▶ **Required work**:
Copy every line from the records below that holds the word "mathfrak".

★ ★ ★

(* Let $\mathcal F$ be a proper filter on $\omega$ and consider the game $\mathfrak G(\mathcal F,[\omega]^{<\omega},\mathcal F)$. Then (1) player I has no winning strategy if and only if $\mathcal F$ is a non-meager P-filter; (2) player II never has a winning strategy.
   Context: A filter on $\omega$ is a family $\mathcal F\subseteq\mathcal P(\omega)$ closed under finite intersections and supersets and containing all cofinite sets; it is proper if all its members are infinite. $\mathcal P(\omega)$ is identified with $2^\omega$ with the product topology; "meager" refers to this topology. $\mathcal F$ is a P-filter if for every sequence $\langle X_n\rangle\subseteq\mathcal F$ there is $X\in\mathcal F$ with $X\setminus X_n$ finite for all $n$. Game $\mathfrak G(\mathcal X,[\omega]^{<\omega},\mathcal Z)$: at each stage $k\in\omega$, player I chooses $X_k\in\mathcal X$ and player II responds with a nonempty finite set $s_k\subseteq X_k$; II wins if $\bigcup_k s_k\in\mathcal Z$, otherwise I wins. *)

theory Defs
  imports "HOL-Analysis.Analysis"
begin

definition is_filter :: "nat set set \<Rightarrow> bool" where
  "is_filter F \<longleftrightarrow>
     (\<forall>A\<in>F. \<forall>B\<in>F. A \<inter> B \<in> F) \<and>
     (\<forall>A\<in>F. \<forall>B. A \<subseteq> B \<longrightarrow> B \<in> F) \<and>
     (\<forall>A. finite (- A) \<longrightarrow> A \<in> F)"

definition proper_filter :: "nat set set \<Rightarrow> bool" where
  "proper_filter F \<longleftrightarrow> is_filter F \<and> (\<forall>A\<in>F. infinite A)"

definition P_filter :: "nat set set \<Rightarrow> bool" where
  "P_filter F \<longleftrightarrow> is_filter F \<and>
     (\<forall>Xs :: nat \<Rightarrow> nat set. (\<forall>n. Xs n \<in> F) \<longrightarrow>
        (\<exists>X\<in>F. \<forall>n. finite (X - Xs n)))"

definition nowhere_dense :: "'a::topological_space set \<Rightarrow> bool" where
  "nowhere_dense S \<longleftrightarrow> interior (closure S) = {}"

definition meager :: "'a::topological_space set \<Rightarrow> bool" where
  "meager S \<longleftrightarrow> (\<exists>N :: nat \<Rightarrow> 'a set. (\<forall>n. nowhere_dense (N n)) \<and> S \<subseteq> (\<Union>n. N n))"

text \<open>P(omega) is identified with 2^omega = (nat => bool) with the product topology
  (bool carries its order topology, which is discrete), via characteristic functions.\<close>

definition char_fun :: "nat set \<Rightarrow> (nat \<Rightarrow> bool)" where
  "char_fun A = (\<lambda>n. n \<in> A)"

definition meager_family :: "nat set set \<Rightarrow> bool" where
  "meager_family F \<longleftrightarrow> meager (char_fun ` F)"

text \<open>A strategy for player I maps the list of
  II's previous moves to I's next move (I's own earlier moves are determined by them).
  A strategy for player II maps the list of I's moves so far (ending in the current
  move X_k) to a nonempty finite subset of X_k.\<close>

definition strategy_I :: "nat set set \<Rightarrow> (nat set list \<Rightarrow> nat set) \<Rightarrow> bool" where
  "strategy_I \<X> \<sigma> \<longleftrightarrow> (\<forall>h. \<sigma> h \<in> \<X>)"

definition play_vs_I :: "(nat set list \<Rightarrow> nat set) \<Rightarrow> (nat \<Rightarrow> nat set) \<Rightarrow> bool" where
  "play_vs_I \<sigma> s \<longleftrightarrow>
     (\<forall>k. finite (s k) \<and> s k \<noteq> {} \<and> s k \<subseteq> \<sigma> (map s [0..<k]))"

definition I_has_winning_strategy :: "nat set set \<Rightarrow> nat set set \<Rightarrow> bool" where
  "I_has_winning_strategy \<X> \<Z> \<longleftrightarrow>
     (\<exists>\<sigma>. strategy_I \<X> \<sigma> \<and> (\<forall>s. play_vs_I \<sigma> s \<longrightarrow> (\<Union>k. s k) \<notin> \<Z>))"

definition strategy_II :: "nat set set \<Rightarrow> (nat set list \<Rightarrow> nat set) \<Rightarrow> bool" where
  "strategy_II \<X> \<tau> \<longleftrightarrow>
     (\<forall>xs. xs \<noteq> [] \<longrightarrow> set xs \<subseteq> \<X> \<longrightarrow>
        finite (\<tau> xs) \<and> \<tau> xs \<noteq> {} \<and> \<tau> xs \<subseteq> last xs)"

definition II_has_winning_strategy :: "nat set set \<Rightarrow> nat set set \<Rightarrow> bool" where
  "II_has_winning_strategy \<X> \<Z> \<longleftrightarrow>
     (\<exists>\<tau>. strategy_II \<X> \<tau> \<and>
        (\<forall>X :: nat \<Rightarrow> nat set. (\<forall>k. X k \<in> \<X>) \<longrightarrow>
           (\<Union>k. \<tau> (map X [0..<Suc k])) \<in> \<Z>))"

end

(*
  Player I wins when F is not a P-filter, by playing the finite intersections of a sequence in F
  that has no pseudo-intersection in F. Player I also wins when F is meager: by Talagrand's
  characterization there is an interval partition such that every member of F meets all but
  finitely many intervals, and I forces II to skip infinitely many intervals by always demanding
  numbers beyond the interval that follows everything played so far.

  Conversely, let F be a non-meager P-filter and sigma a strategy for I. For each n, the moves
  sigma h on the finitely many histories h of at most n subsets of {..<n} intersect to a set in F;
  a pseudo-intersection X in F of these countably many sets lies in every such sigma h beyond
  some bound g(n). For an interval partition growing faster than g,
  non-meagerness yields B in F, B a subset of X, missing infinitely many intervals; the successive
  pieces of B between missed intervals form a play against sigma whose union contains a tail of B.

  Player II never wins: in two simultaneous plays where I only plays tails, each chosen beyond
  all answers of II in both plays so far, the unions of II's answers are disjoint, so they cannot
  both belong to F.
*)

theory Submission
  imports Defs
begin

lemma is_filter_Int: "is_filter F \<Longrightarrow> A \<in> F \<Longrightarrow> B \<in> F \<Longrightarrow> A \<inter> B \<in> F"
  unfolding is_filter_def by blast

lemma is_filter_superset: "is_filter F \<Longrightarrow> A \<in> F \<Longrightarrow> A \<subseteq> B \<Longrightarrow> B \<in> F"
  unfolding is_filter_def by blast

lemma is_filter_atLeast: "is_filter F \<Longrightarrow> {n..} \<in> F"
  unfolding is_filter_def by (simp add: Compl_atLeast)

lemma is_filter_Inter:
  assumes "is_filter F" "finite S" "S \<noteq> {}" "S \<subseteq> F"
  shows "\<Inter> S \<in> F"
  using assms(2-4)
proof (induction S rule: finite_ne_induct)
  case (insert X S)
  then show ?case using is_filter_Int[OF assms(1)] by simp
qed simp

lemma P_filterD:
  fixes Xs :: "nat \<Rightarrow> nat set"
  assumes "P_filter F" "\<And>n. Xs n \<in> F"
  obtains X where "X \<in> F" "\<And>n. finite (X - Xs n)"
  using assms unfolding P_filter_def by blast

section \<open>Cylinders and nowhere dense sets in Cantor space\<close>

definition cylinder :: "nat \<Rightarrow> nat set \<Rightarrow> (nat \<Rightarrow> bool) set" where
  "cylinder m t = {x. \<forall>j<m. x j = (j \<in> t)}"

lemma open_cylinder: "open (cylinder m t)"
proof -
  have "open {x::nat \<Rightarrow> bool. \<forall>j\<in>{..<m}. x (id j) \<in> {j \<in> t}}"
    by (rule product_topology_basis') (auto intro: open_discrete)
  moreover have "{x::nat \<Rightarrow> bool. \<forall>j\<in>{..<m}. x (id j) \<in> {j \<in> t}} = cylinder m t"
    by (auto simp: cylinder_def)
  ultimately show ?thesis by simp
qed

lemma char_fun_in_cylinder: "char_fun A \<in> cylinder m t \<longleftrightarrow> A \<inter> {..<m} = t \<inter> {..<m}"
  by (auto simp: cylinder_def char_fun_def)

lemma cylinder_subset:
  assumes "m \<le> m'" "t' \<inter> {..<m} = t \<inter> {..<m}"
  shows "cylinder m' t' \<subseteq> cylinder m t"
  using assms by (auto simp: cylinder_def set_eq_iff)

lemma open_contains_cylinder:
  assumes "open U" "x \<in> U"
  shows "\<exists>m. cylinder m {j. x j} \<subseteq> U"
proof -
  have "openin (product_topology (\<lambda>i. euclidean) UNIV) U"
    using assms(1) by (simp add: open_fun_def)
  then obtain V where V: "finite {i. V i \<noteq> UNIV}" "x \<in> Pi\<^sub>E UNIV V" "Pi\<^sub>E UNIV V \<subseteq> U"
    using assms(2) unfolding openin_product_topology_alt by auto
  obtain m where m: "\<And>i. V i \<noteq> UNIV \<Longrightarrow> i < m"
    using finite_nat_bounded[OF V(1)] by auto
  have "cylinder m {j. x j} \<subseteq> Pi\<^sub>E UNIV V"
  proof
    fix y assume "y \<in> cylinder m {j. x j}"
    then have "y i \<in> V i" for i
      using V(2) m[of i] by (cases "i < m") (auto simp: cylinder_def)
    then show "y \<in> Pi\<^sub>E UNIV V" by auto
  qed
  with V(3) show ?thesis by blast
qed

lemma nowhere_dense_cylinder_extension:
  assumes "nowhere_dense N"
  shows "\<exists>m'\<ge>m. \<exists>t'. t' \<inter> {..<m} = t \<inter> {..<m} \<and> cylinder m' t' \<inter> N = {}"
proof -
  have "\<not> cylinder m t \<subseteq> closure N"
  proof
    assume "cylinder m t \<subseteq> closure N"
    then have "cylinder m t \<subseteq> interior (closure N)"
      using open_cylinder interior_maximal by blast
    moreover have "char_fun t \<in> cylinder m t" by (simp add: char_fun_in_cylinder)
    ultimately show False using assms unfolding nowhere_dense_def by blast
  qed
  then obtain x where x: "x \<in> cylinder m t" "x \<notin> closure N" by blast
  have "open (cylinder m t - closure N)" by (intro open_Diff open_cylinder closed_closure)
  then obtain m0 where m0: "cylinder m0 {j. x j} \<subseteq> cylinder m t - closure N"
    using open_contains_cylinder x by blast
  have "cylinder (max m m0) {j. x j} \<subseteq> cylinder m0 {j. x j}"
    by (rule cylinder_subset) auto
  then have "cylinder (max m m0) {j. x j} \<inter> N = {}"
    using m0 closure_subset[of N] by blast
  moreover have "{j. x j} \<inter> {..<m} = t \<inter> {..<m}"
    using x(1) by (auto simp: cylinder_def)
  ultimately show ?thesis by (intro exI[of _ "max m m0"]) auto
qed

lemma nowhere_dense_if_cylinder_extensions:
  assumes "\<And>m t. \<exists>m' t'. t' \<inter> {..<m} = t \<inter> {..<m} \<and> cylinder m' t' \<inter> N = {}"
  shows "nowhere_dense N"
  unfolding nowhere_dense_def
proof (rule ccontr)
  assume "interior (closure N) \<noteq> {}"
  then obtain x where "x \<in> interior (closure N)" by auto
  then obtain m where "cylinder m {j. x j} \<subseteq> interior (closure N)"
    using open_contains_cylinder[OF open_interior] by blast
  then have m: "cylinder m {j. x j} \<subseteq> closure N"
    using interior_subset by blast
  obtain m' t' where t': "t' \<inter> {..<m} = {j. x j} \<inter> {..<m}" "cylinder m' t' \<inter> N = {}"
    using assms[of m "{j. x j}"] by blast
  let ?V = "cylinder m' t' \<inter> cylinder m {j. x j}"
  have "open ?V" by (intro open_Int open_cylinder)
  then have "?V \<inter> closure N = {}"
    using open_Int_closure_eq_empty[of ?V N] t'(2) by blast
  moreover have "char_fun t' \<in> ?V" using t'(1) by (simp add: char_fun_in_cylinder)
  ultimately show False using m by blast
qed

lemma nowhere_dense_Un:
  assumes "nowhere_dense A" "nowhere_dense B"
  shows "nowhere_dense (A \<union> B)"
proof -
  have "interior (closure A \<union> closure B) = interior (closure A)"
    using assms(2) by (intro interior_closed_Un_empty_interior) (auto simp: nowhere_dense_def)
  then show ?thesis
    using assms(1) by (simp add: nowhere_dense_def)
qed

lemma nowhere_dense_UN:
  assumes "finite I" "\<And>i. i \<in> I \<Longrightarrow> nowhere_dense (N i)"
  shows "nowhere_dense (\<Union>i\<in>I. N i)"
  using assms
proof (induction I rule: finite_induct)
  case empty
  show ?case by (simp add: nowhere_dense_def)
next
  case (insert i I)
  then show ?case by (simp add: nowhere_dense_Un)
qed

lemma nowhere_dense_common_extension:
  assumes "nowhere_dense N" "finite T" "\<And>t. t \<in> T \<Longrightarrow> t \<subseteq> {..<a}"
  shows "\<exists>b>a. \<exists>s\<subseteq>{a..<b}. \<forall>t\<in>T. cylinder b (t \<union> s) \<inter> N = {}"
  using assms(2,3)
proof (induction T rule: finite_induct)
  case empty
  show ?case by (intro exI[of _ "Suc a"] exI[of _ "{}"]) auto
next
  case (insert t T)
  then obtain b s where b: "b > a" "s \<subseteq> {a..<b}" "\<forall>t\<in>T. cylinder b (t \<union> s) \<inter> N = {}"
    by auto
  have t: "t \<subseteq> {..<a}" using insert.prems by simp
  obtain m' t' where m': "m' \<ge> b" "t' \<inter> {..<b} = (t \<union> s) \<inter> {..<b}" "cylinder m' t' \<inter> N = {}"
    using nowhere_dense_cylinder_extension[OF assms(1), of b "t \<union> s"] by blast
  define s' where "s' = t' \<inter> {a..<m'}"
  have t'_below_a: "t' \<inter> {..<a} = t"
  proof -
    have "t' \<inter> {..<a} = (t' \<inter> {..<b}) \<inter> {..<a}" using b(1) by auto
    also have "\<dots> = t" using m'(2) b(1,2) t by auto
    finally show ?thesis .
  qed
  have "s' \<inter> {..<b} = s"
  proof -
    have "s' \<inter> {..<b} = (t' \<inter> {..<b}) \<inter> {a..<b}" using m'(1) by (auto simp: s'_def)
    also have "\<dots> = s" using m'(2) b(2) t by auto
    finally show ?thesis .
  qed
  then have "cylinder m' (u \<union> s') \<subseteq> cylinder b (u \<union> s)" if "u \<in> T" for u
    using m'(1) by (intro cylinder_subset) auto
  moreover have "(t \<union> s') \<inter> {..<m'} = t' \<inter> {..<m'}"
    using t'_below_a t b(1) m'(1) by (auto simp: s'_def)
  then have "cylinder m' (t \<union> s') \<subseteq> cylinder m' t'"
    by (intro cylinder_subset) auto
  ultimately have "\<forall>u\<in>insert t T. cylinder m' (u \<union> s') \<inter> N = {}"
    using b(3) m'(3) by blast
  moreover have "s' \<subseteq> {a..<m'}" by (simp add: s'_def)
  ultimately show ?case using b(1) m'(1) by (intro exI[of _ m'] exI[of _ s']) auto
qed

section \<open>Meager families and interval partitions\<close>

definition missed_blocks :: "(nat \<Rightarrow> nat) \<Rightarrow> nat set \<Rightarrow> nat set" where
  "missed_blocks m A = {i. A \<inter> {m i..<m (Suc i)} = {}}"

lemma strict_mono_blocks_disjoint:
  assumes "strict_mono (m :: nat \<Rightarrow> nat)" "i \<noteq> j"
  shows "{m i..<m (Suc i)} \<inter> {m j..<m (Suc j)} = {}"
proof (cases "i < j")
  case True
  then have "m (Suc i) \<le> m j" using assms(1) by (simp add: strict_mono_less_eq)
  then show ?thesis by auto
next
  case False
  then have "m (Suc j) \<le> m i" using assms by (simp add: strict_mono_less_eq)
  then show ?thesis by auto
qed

★ ★ ★

▶ **Result of the task**:
(* Let $\mathcal F$ be a proper filter on $\omega$ and consider the game $\mathfrak G(\mathcal F,[\omega]^{<\omega},\mathcal F)$. Then (1) player I has no winning strategy if and only if $\mathcal F$ is a non-meager P-filter; (2) player II never has a winning strategy.
   Context: A filter on $\omega$ is a family $\mathcal F\subseteq\mathcal P(\omega)$ closed under finite intersections and supersets and containing all cofinite sets; it is proper if all its members are infinite. $\mathcal P(\omega)$ is identified with $2^\omega$ with the product topology; "meager" refers to this topology. $\mathcal F$ is a P-filter if for every sequence $\langle X_n\rangle\subseteq\mathcal F$ there is $X\in\mathcal F$ with $X\setminus X_n$ finite for all $n$. Game $\mathfrak G(\mathcal X,[\omega]^{<\omega},\mathcal Z)$: at each stage $k\in\omega$, player I chooses $X_k\in\mathcal X$ and player II responds with a nonempty finite set $s_k\subseteq X_k$; II wins if $\bigcup_k s_k\in\mathcal Z$, otherwise I wins. *)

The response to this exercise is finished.